Saved data entries
- Opening Delimiter -

(* For every session type $S$, $\mathrm{Sub}(S) \subseteq \mathrm{Sub}_{BU}(S)$, i.e. every top-down subterm of $S$ is a bottom-up subterm of $S$.
   Context: Session types (possibly containing free variables) are given by the grammar $T ::= \mathsf{end} \mid X \mid \mu X.T \mid {?}[T_1,\dots,T_n].S \mid {!}[T_1,\dots,T_n].S \mid \&\langle l_1:T_1,\dots,l_n:T_n\rangle \mid \oplus\langle l_1:T_1,\dots,l_n:T_n\rangle$ (input, output, branch, select), where $X$ ranges over type variables and $l_i$ over labels. Types are identified up to $\alpha$-conversion, and substitutions are capture-avoiding. The set of bottom-up subterms $\mathrm{Sub}_{BU}(T)$ is defined by recursion on $T$: $\mathrm{Sub}_{BU}(\mathsf{end}) = \{\mathsf{end}\}$; $\mathrm{Sub}_{BU}(X) = \{X\}$; $\mathrm{Sub}_{BU}(\mu X.T') = \{\mu X.T'\} \cup \{S[\mu X.T'/X] \mid S \in \mathrm{Sub}_{BU}(T')\}$; $\mathrm{Sub}_{BU}(\&\langle l_i:T_i\rangle_{i}) = \{\&\langle l_i:T_i\rangle_i\} \cup \bigcup_i \mathrm{Sub}_{BU}(T_i)$, and likewise for $\oplus$; $\mathrm{Sub}_{BU}({?}[T_1,\dots,T_n].S) = \{{?}[T_1,\dots,T_n].S\} \cup \bigcup_i \mathrm{Sub}_{BU}(T_i) \cup \mathrm{Sub}_{BU}(S)$, and likewise for ${!}$. The set of top-down subterms $\mathrm{Sub}(T)$ is the smallest set of types such that $T \in \mathrm{Sub}(T)$ and which is closed under: if $\mu X.T' \in \mathrm{Sub}(T)$ then $T'[\mu X.T'/X] \in \mathrm{Sub}(T)$; if ${?}[T_1,\dots,T_n].S$ or ${!}[T_1,\dots,T_n].S$ is in $\mathrm{Sub}(T)$ then each $T_i$ and $S$ are in $\mathrm{Sub}(T)$; if $\&\langle l_i:T_i\rangle_i$ or $\oplus\langle l_i:T_i\rangle_i$ is in $\mathrm{Sub}(T)$ then each $T_i$ is in $\mathrm{Sub}(T)$. *)

theory Defs
  imports Main
begin

text \<open>Session types in locally nameless / de Bruijn representation, so that
types are automatically identified up to alpha-conversion.\<close>

datatype 'l sty =
    End
  | TVar nat
  | Mu "'l sty"
  | In "'l sty list" "'l sty"
  | Out "'l sty list" "'l sty"
  | Bra "('l \<times> 'l sty) list"
  | Sel "('l \<times> 'l sty) list"

primrec lift :: "nat \<Rightarrow> 'l sty \<Rightarrow> 'l sty" where
  "lift k End = End"
| "lift k (TVar i) = TVar (if i < k then i else Suc i)"
| "lift k (Mu T) = Mu (lift (Suc k) T)"
| "lift k (In Ts S) = In (map (lift k) Ts) (lift k S)"
| "lift k (Out Ts S) = Out (map (lift k) Ts) (lift k S)"
| "lift k (Bra ls) = Bra (map (map_prod id (lift k)) ls)"
| "lift k (Sel ls) = Sel (map (map_prod id (lift k)) ls)"

text \<open>Capture-avoiding substitution of U for index k (the binder being
removed), decrementing the indices above k.  subst 0 U T is T[U/X]
where X is the variable bound by the removed binder.\<close>
primrec subst :: "nat \<Rightarrow> 'l sty \<Rightarrow> 'l sty \<Rightarrow> 'l sty" where
  "subst k U End = End"
| "subst k U (TVar i) = (if i < k then TVar i else if i = k then U else TVar (i - 1))"
| "subst k U (Mu T) = Mu (subst (Suc k) (lift 0 U) T)"
| "subst k U (In Ts S) = In (map (subst k U) Ts) (subst k U S)"
| "subst k U (Out Ts S) = Out (map (subst k U) Ts) (subst k U S)"
| "subst k U (Bra ls) = Bra (map (map_prod id (subst k U)) ls)"
| "subst k U (Sel ls) = Sel (map (map_prod id (subst k U)) ls)"

primrec subBU :: "'l sty \<Rightarrow> 'l sty set" where
  "subBU End = {End}"
| "subBU (TVar i) = {TVar i}"
| "subBU (Mu T) = insert (Mu T) ((\<lambda>S. subst 0 (Mu T) S) ` subBU T)"
| "subBU (In Ts S) = insert (In Ts S) (\<Union> (set (map subBU Ts)) \<union> subBU S)"
| "subBU (Out Ts S) = insert (Out Ts S) (\<Union> (set (map subBU Ts)) \<union> subBU S)"
| "subBU (Bra ls) = insert (Bra ls) (\<Union> (set (map snd (map (map_prod id subBU) ls))))"
| "subBU (Sel ls) = insert (Sel ls) (\<Union> (set (map snd (map (map_prod id subBU) ls))))"

inductive_set subTD :: "'l sty \<Rightarrow> 'l sty set" for T :: "'l sty" where
  self: "T \<in> subTD T"
| unfold: "Mu T' \<in> subTD T \<Longrightarrow> subst 0 (Mu T') T' \<in> subTD T"
| in_arg: "In Ts S \<in> subTD T \<Longrightarrow> Ti \<in> set Ts \<Longrightarrow> Ti \<in> subTD T"
| in_cont: "In Ts S \<in> subTD T \<Longrightarrow> S \<in> subTD T"
| out_arg: "Out Ts S \<in> subTD T \<Longrightarrow> Ti \<in> set Ts \<Longrightarrow> Ti \<in> subTD T"
| out_cont: "Out Ts S \<in> subTD T \<Longrightarrow> S \<in> subTD T"
| bra: "Bra ls \<in> subTD T \<Longrightarrow> (l, Ti) \<in> set ls \<Longrightarrow> Ti \<in> subTD T"
| sel: "Sel ls \<in> subTD T \<Longrightarrow> (l, Ti) \<in> set ls \<Longrightarrow> Ti \<in> subTD T"

end

theory Submission
  imports Defs
begin

text \<open>The bottom-up subterms of T form a set that contains T and is closed under
taking immediate successors (components, and the unfolding of a \<open>\<mu>\<close>-type); the
top-down subterms are the least such set.  The only non-trivial closure case is
an element B[\<mu>X.T/X] with B a bottom-up subterm of T: if B is a variable the
element is \<open>\<mu>X.T\<close> itself or a free variable, and otherwise its successors are
the successors of B with \<open>\<mu>X.T\<close> substituted, because unfolding commutes with
substitution by the substitution lemma.\<close>

lemma lift_lift: "j \<le> k \<Longrightarrow> lift (Suc k) (lift j U) = lift j (lift k U)"
  by (induction U arbitrary: j k) auto

lemma subst_lift: "subst k W (lift k T) = T"
  by (induction T arbitrary: k W) (auto simp: map_prod_def split_def intro: map_idI)

lemma lift_subst: "k \<le> j \<Longrightarrow> lift k (subst j U T) = subst (Suc j) (lift k U) (lift k T)"
  by (induction T arbitrary: k j U) (auto simp: lift_lift map_prod_def split_def)

lemma subst_subst:
  "subst (i + j) U (subst i V T) =
     subst i (subst (i + j) U V) (subst (Suc (i + j)) (lift i U) T)"
proof (induction T arbitrary: i j U V)
  case (TVar n)
  then show ?case by (auto simp: subst_lift)
next
  case (Mu T)
  have "subst (Suc i + j) (lift 0 U) (subst (Suc i) (lift 0 V) T) =
    subst (Suc i) (subst (Suc i + j) (lift 0 U) (lift 0 V))
      (subst (Suc (Suc i + j)) (lift (Suc i) (lift 0 U)) T)"
    by (rule Mu.IH)
  then show ?case by (simp add: lift_subst lift_lift)
qed (auto simp: map_prod_def split_def)

lemma subst_unfold:
  "subst 0 V (subst 0 (Mu T) T) =
     subst 0 (Mu (subst 1 (lift 0 V) T)) (subst 1 (lift 0 V) T)"
  using subst_subst[of 0 0 V "Mu T" T] by simp

fun succs :: "'l sty \<Rightarrow> 'l sty set" where
  "succs End = {}"
| "succs (TVar i) = {}"
| "succs (Mu T) = {subst 0 (Mu T) T}"
| "succs (In Ts S) = insert S (set Ts)"
| "succs (Out Ts S) = insert S (set Ts)"
| "succs (Bra ls) = snd ` set ls"
| "succs (Sel ls) = snd ` set ls"

lemma succs_subst: "(\<And>n. B \<noteq> TVar n) \<Longrightarrow> succs (subst 0 V B) = subst 0 V ` succs B"
  by (cases B) (auto simp: image_image subst_unfold)

lemma subBU_self: "T \<in> subBU T"
  by (cases T) auto

lemma subBU_succs_closed: "A \<in> subBU T \<Longrightarrow> succs A \<subseteq> subBU T"
proof (induction T arbitrary: A)
  case (Mu T)
  show ?case
  proof (cases "A = Mu T")
    case True
    then show ?thesis using subBU_self[of T] by auto
  next
    case False
    then obtain B where B: "B \<in> subBU T" "A = subst 0 (Mu T) B"
      using Mu.prems by auto
    show ?thesis
    proof (cases "\<exists>n. B = TVar n")
      case True
      then obtain n where "B = TVar n" by auto
      then show ?thesis using B False by (cases n) auto
    next
      case False
      then have "succs A = subst 0 (Mu T) ` succs B"
        using B succs_subst[of B "Mu T"] by simp
      then show ?thesis using Mu.IH[OF B(1)] by auto
    qed
  qed
qed (use subBU_self in \<open>fastforce simp: image_iff\<close>)+

theorem mainTheorem3:
  fixes S :: "'l sty"
  shows "subTD S \<subseteq> subBU S"
proof
  fix A assume "A \<in> subTD S"
  then show "A \<in> subBU S"
    by (induction rule: subTD.induct)
      (use subBU_self subBU_succs_closed in \<open>fastforce+\<close>)
qed

end
definition msg_sum :: "nat \<Rightarrow> nat \<Rightarrow> (nat \<Rightarrow> nat \<Rightarrow> 'f::comm_ring_1) \<Rightarrow> (nat \<Rightarrow> 'f)" where
  "msg_sum K L w = (\<lambda>l\<in>{..<L}. \<Sum>k\<in>{1..K}. w k l)"

definition joint_pmf :: "nat \<Rightarrow> nat \<Rightarrow> 'r pmf \<Rightarrow> ((nat \<Rightarrow> nat \<Rightarrow> 'f::finite) \<times> 'r) pmf" where
  "joint_pmf K L Q = pair_pmf (pmf_of_set (msg_space K L)) Q"

definition sample_space :: "nat \<Rightarrow> nat \<Rightarrow> 'r pmf \<Rightarrow> ((nat \<Rightarrow> nat \<Rightarrow> 'f::finite) \<times> 'r) measure" where
  "sample_space K L Q = restrict_space (measure_pmf (joint_pmf K L Q)) (set_pmf (joint_pmf K L Q))"

end

theory Submission
  imports Defs
begin

(* Let Y_i be the transmissions of s_1, ..., s_i and let W_k be a message stored at s_i but at
   none of s_1, ..., s_(i-1).  Under the storage bound every message
   is missing from exactly Nr - 1 servers; together with s_i they form a decodable set, so X_(s_i)
   and (W_(-k), Q) determine (W, Q), while Y_(i-1) is already a function of (W_(-k), Q).
   Submodularity of entropy gives H(Y_i) >= H(Y_(i-1)) + L, hence H(Y_|s|) >= |s| L.
   Security, I(W; X | W_1 + ... + W_K) = 0, turns this into
   H(Q) >= H(Y_|s|) - H(W_1 + ... + W_K) >= (|s| - 1) L. *)

section \<open>Entropy on finite probability spaces\<close>

locale finite_information_space = information_space +
  assumes finite_space: "finite (space M)"
    and sets_eq_Pow: "sets M = Pow (space M)"
begin

definition prob_eq :: "('a \<Rightarrow> 'c) \<Rightarrow> 'c \<Rightarrow> real" where
  "prob_eq X x = prob {\<omega> \<in> space M. X \<omega> = x}"

lemma simple_function_finite [simp]: "simple_function M X"
  unfolding simple_function_def using finite_space sets_eq_Pow by auto

lemma prob_eq_pos:
  assumes "\<omega> \<in> space M" and "prob {\<omega>} \<noteq> 0"
  shows "0 < prob_eq X (X \<omega>)"
proof -
  have "prob {\<omega>} \<le> prob_eq X (X \<omega>)"
    unfolding prob_eq_def using assms(1) by (intro finite_measure_mono) (auto simp: sets_eq_Pow)
  then show ?thesis using assms(2) measure_nonneg[of M "{\<omega>}"] by linarith
qed

lemma sum_image_prob_eq:
  "(\<Sum>x\<in>X ` space M. prob_eq X x * f x) = (\<Sum>\<omega>\<in>space M. prob {\<omega>} * f (X \<omega>))"
proof -
  have "prob_eq X x = (\<Sum>\<omega>\<in>{\<omega> \<in> space M. X \<omega> = x}. prob {\<omega>})" for x
    unfolding prob_eq_def
    by (rule measure_eq_sum_singleton) (auto intro: finite_subset[OF _ finite_space] simp: sets_eq_Pow)
  then have "(\<Sum>x\<in>X ` space M. prob_eq X x * f x)
      = (\<Sum>x\<in>X ` space M. \<Sum>\<omega>\<in>{\<omega> \<in> space M. X \<omega> = x}. prob {\<omega>} * f (X \<omega>))"
    by (simp add: sum_distrib_right)
  also have "\<dots> = (\<Sum>\<omega>\<in>space M. prob {\<omega>} * f (X \<omega>))"
    by (rule sum.image_gen[OF finite_space, symmetric])
  finally show ?thesis .
qed

lemma simple_distributed_prob_eq: "simple_distributed M X (prob_eq X)"
  unfolding prob_eq_def
  by (rule simple_distributedI) (auto simp: measure_nonneg vimage_def Int_def conj_commute)

lemma entropy_eq_sum_points: "\<H>(X) = - (\<Sum>\<omega>\<in>space M. prob {\<omega>} * log b (prob_eq X (X \<omega>)))"
  by (simp add: entropy_simple_distributed[OF simple_distributed_prob_eq] sum_image_prob_eq)

lemma entropy_nonneg: "0 \<le> \<H>(X)"
  using conditional_entropy_nonneg[of X X] conditional_entropy_less_eq_entropy[of X X] by simp

lemma entropy_cong:
  assumes "\<And>\<omega>. \<omega> \<in> space M \<Longrightarrow> X \<omega> = Y \<omega>"
  shows "\<H>(X) = \<H>(Y)"
proof -
  have "X ` space M = Y ` space M" using assms by (rule image_cong[OF refl])
  moreover have "distr M (count_space (Y ` space M)) X = distr M (count_space (Y ` space M)) Y"
    using assms by (intro distr_cong) simp_all
  ultimately show ?thesis unfolding entropy_def by simp
qed

lemma entropy_le_if_determined:
  assumes "\<And>\<omega>. \<omega> \<in> space M \<Longrightarrow> X \<omega> = f (Y \<omega>)"
  shows "\<H>(X) \<le> \<H>(Y)"
proof -
  have "\<H>(X) = \<H>(f \<circ> Y)" using assms by (intro entropy_cong) simp
  also have "\<dots> \<le> \<H>(Y)" by (rule entropy_data_processing) simp
  finally show ?thesis .
qed

lemma entropy_eq_if_determined:
  assumes "\<And>\<omega>. \<omega> \<in> space M \<Longrightarrow> X \<omega> = f (Y \<omega>)"
    and "\<And>\<omega>. \<omega> \<in> space M \<Longrightarrow> Y \<omega> = g (X \<omega>)"
  shows "\<H>(X) = \<H>(Y)"
  using entropy_le_if_determined[of X f Y] entropy_le_if_determined[of Y g X] assms by (meson antisym)

lemma entropy_pair_le: "\<H>(\<lambda>\<omega>. (X \<omega>, Y \<omega>)) \<le> \<H>(X) + \<H>(Y)"
  using entropy_chain_rule[of X Y] conditional_entropy_less_eq_entropy[of Y X] by simp

lemma entropy_le_log_card:
  assumes "X ` space M \<subseteq> A" and "finite A"
  shows "\<H>(X) \<le> log b (card A)"
proof -
  have "0 < card (X ` space M)"
    using finite_space not_empty by (simp add: card_gt_0_iff)
  moreover have "card (X ` space M) \<le> card A"
    using assms by (rule card_mono[rotated])
  ultimately have "log b (card (X ` space M)) \<le> log b (card A)"
    using b_gt_1 by simp
  then show ?thesis
    using entropy_le_card[OF simple_distributed_prob_eq, of X] by linarith
qed

lemma entropy_eq_log_if_uniform:
  assumes "\<And>\<omega>. \<omega> \<in> space M \<Longrightarrow> prob_eq X (X \<omega>) = 1 / c" and "0 < c"
  shows "\<H>(X) = log b c"
proof -
  have "(\<Sum>\<omega>\<in>space M. prob {\<omega>}) = 1"
    using measure_eq_sum_singleton[OF finite_space] prob_space sets_eq_Pow by auto
  then show ?thesis
    using assms b_gt_1 by (simp add: entropy_eq_sum_points log_divide sum_negf sum_distrib_right[symmetric])
qed

lemma entropy_pair_eq_if_indep:
  assumes "\<And>\<omega>. \<omega> \<in> space M \<Longrightarrow>
      prob_eq (\<lambda>\<omega>. (X \<omega>, Y \<omega>)) (X \<omega>, Y \<omega>) = prob_eq X (X \<omega>) * prob_eq Y (Y \<omega>)"
  shows "\<H>(\<lambda>\<omega>. (X \<omega>, Y \<omega>)) = \<H>(X) + \<H>(Y)"
proof -
  have "prob {\<omega>} * log b (prob_eq (\<lambda>\<omega>. (X \<omega>, Y \<omega>)) (X \<omega>, Y \<omega>))
      = prob {\<omega>} * log b (prob_eq X (X \<omega>)) + prob {\<omega>} * log b (prob_eq Y (Y \<omega>))"
    if "\<omega> \<in> space M" for \<omega>
    using assms[OF that] prob_eq_pos[OF that, of X] prob_eq_pos[OF that, of Y]
    by (cases "prob {\<omega>} = 0") (simp_all add: log_mult distrib_left)
  then show ?thesis
    by (simp add: entropy_eq_sum_points sum.distrib)
qed

lemma conditional_mutual_information_eq_entropies:
  "\<I>(X ; Y | Z) = \<H>(\<lambda>\<omega>. (X \<omega>, Z \<omega>)) + \<H>(\<lambda>\<omega>. (Y \<omega>, Z \<omega>)) - \<H>(\<lambda>\<omega>. (X \<omega>, Y \<omega>, Z \<omega>)) - \<H>(Z)"
proof -
  let ?XYZ = "\<lambda>\<omega>. (X \<omega>, Y \<omega>, Z \<omega>)" and ?XZ = "\<lambda>\<omega>. (X \<omega>, Z \<omega>)" and ?YZ = "\<lambda>\<omega>. (Y \<omega>, Z \<omega>)"
  let ?l = "\<lambda>V \<omega>. prob {\<omega>} * log b (prob_eq V (V \<omega>))"
  have "\<I>(X ; Y | Z) = (\<Sum>\<omega>\<in>space M. prob {\<omega>} *
      log b (prob_eq ?XYZ (?XYZ \<omega>) / (prob_eq ?XZ (?XZ \<omega>) * (prob_eq ?YZ (?YZ \<omega>) / prob_eq Z (Z \<omega>)))))"
    by (simp add: conditional_mutual_information_eq[OF simple_distributed_prob_eq simple_distributed_prob_eq
          simple_distributed_prob_eq simple_distributed_prob_eq] split_beta' sum_image_prob_eq[where X = ?XYZ])
  also have "\<dots> = (\<Sum>\<omega>\<in>space M. ?l ?XYZ \<omega> - ?l ?XZ \<omega> - ?l ?YZ \<omega> + ?l Z \<omega>)"
  proof (intro sum.cong refl)
    fix \<omega> assume \<omega>: "\<omega> \<in> space M"
    show "prob {\<omega>} * log b (prob_eq ?XYZ (?XYZ \<omega>) /
        (prob_eq ?XZ (?XZ \<omega>) * (prob_eq ?YZ (?YZ \<omega>) / prob_eq Z (Z \<omega>))))
        = ?l ?XYZ \<omega> - ?l ?XZ \<omega> - ?l ?YZ \<omega> + ?l Z \<omega>"
      using prob_eq_pos[OF \<omega>, of ?XYZ] prob_eq_pos[OF \<omega>, of ?XZ] prob_eq_pos[OF \<omega>, of ?YZ]
        prob_eq_pos[OF \<omega>, of Z]
      by (cases "prob {\<omega>} = 0") (simp_all add: log_divide log_mult algebra_simps)
  qed
  also have "\<dots> = \<H>(?XZ) + \<H>(?YZ) - \<H>(?XYZ) - \<H>(Z)"
    by (simp add: entropy_eq_sum_points sum.distrib sum_subtractf)
  finally show ?thesis .
qed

- Closing Delimiter -

• _About this exercise_
With the first line being the one containing "top-down subterms are" and the last line the one containing "k W (lift k", transcribe exactly the lines above that fall in that range.

• _Solved exercise_
top-down subterms are the least such set.  The only non-trivial closure case is
an element B[\<mu>X.T/X] with B a bottom-up subterm of T: if B is a variable the
element is \<open>\<mu>X.T\<close> itself or a free variable, and otherwise its successors are
the successors of B with \<open>\<mu>X.T\<close> substituted, because unfolding commutes with
substitution by the substitution lemma.\<close>

lemma lift_lift: "j \<le> k \<Longrightarrow> lift (Suc k) (lift j U) = lift j (lift k U)"
  by (induction U arbitrary: j k) auto

lemma subst_lift: "subst k W (lift k T) = T"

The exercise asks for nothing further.